Between all the running clothing and shoes many runners generate, as well as the boom in fast fashion, the reality is that many avenues of recycling are exhausted. I’m honestly not surprised that some of these donated shoes in the article ended up in the international secondhand market.
And items we donate to thrift stores such as Goodwill, the Thrifty Shopper, etc. often only sit for several weeks before being moved to some other location. There are more specifics in the article and I’m just generalizing here for the sake of brevity. Yes, too often the shoes donated are not really usable for anyone anymore. My Speedgoats, for example, are trashed. I’m wearing them with jeans and storing them for the time being, certain that no one will want to wear them lol.

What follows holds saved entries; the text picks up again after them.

lemma exists_int_point_in_open_cone:
  fixes S :: "(real^'n) set"
  assumes "open S" and "S \<noteq> {}" and cone: "\<And>x t. x \<in> S \<Longrightarrow> t > 0 \<Longrightarrow> t *\<^sub>R x \<in> S"
  shows "\<exists>z. real_vec z \<in> S"
proof -
  obtain x e where x: "x \<in> S" and e: "e > 0" "ball x e \<subseteq> S"
    using assms(1,2) open_contains_ball by blast
  \<comment> \<open>the ball of radius t e around t x lies in S and contains the rounding of t x\<close>
  define t where "t = real CARD('n) / e"
  have t: "t > 0" using e(1) by (simp add: t_def)
  define z where "z = (\<chi> i. round (t * x $ i))"
  have "norm (real_vec z - t *\<^sub>R x) \<le> (\<Sum>i\<in>UNIV. \<bar>(real_vec z - t *\<^sub>R x) $ i\<bar>)"
    by (rule norm_le_l1_cart)
  also have "\<dots> \<le> (\<Sum>i\<in>(UNIV::'n set). 1/2)"
    using of_int_round_abs_le by (intro sum_mono) (simp add: z_def real_vec_def)
  also have "\<dots> < t * e"
    using e(1) by (simp add: t_def)
  finally have "norm ((1/t) *\<^sub>R (real_vec z - t *\<^sub>R x)) < e"
    using t by (simp add: pos_divide_less_eq mult.commute)
  then have "dist ((1/t) *\<^sub>R real_vec z) x < e"
    using t by (simp add: dist_norm scaleR_diff_right)
  then have "(1/t) *\<^sub>R real_vec z \<in> S" using e(2) by (auto simp: dist_commute)
  from cone[OF this t] show ?thesis using t by auto
qed

lemma exists_int_point_in_open_cone_off_hyperplanes:
  fixes S :: "(real^'n) set"
  assumes "open S" and "S \<noteq> {}" and cone: "\<And>x t. x \<in> S \<Longrightarrow> t > 0 \<Longrightarrow> t *\<^sub>R x \<in> S"
    and "finite C" and "0 \<notin> C"
  shows "\<exists>z. real_vec z \<in> S \<and> (\<forall>c\<in>C. c \<bullet> real_vec z \<noteq> 0)"
proof -
  define U where "U = (\<Union>c\<in>C. {x::real^'n. c \<bullet> x = 0})"
  have "closed U" unfolding U_def using \<open>finite C\<close> by (intro closed_UN) (auto simp: closed_hyperplane)
  then have "open (S - U)" using \<open>open S\<close> by (simp add: open_Diff)
  moreover have "S - U \<noteq> {}"
    using interior_Union_hyperplanes_empty[OF \<open>finite C\<close> \<open>0 \<notin> C\<close>] interior_maximal[of S U] assms(1,2)
    unfolding U_def by blast
  moreover have "t *\<^sub>R x \<in> S - U" if "x \<in> S - U" "t > 0" for x t
  proof -
    have "c \<bullet> (t *\<^sub>R x) \<noteq> 0" if "c \<in> C" for c
      using \<open>x \<in> S - U\<close> \<open>t > 0\<close> that by (auto simp: U_def)
    then show ?thesis using that cone unfolding U_def by blast
  qed
  ultimately obtain z where "real_vec z \<in> S - U"
    using exists_int_point_in_open_cone by blast
  then show ?thesis unfolding U_def by blast
qed

lemma exists_multiple_off_affine_hyperplanes:
  fixes y :: "'a::real_inner"
  assumes "finite H" and "\<forall>(a, b)\<in>H. a \<bullet> y \<noteq> 0"
  shows "\<exists>m::nat. m > 0 \<and> (\<forall>(a, b)\<in>H. a \<bullet> (real m *\<^sub>R y) \<noteq> b)"
proof (rule ccontr)
  assume none: "\<not> ?thesis"
  have "real ` {1..card H + 1} \<subseteq> (\<lambda>(a, b). b / (a \<bullet> y)) ` H"
  proof
    fix r assume "r \<in> real ` {1..card H + 1}"
    then obtain m where "m > 0" "r = real m" by auto
    then obtain p where "p \<in> H" "\<not> (case p of (a, b) \<Rightarrow> a \<bullet> (real m *\<^sub>R y) \<noteq> b)"
      using none by blast
    then obtain a b where ab: "(a, b) \<in> H" "real m * (a \<bullet> y) = b" by (cases p) auto
    then have "r = b / (a \<bullet> y)" using assms(2) \<open>r = real m\<close> by (auto simp: field_simps)
    then show "r \<in> (\<lambda>(a, b). b / (a \<bullet> y)) ` H" using ab(1) by force
  qed
  then have "card (real ` {1..card H + 1}) \<le> card ((\<lambda>(a, b). b / (a \<bullet> y)) ` H)"
    using assms(1) by (intro card_mono) auto
  also have "\<dots> \<le> card H" using assms(1) by (rule card_image_le)
  finally have "card (real ` {1..card H + 1}) \<le> card H" .
  moreover have "card (real ` {1..card H + 1}) = card H + 1"
    by (subst card_image) (auto simp: inj_on_def)
  ultimately show False by simp
qed
text \<open>Otherwise the supporter could replace a nominee who does not vote \<open>x\<close> by a voter for \<open>x\<close>
  it does not nominate, adding one nomination to \<open>x\<close>.\<close>
lemma sincere_nominates_voters_or_all_covoters:
  assumes supporter: "i \<in> supporters n R x" and vote: "fst (m i) = x"
  shows "snd (m i) \<subseteq> voters n m x \<or> voters n m x - {i} \<subseteq> snd (m i)"
proof (rule ccontr)
  assume "\<not> ?thesis"
  then obtain y z where y: "y \<in> snd (m i)" "y \<notin> voters n m x"
    and z: "z \<in> voters n m x" "z \<noteq> i" "z \<notin> snd (m i)"
    by blast
  have iN: "i \<in> {1..n}"
    using supporter unfolding supporters_def by simp
  have nominees: "snd (m i) \<subseteq> {1..n} - {i}" "card (snd (m i)) = p" "finite (snd (m i))"
    using valid_profileD [OF valid iN] by (auto intro: finite_subset)
  define d where "d = (x, insert z (snd (m i) - {y}))"
  have "valid_msg n p i d"
    using nominees y z p_pos unfolding d_def valid_msg_def voters_def by (auto simp: card_Diff_singleton)
  have "snd d \<inter> voters n m x = insert z (snd (m i) \<inter> voters n m x)"
    using y z unfolding d_def by auto
  then have "card (snd d \<inter> voters n m x) = card (snd (m i) \<inter> voters n m x) + 1"
    using nominees(3) z(3) by simp
  then have "nominations n (m(i := d)) x = nominations n m x + 1"
    using nominations_fun_upd_nominees [OF iN, of d m x] vote by (simp add: d_def)
  then have "eta_lot n p (m(i := d)) x > eta_lot n p m x"
    using eta_lot_eq_nominations [OF valid_profile_fun_upd [OF valid \<open>valid_msg n p i d\<close>]]
      eta_lot_eq_nominations [OF valid] n_eq p_pos by (simp add: divide_strict_right_mono)
  then show False
    using supporter_cannot_raise_eta_lot [OF supporter \<open>valid_msg n p i d\<close>] by (simp add: d_def)
qed

lemma nominees_vote_other_if_no_sincere_voter:
  assumes "voters n m x \<inter> supporters n R x = {}" "j \<in> {1..n}"
  shows "snd (m j) \<subseteq> voters n m (other x)"
proof
  fix k
  assume "k \<in> snd (m j)"
  then have "k \<in> {1..n}" "fst (m k) = favorite (R k)"
    using valid_profileD [OF valid assms(2)] nominee_votes_favorite [OF assms(2)] by auto
  with assms(1) show "k \<in> voters n m (other x)"
    unfolding voters_def supporters_def using neq_iff_other by auto
qed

As far as running shoes go, because modern running shoes are made from a variety of materials, they are almost impossible to recycle, other than grinding up for track surfaces. But again, there is only so much demand for track surfaces, and the supply significantly exceeds the demand.
Some companies like Adidas are working on shoes with soles and uppers of the same material, so the whole thing can later be ground and regenerated into a new shoe when the previous one wears out. There may also be 3D printing of shoes. But we’re not quite there yet with these technologies.
Anyway, just my two cents.
Definitely a topic near and dear to me, so I appreciate you sharing the article. Appears to be a good example of a company guilty of greenwashing.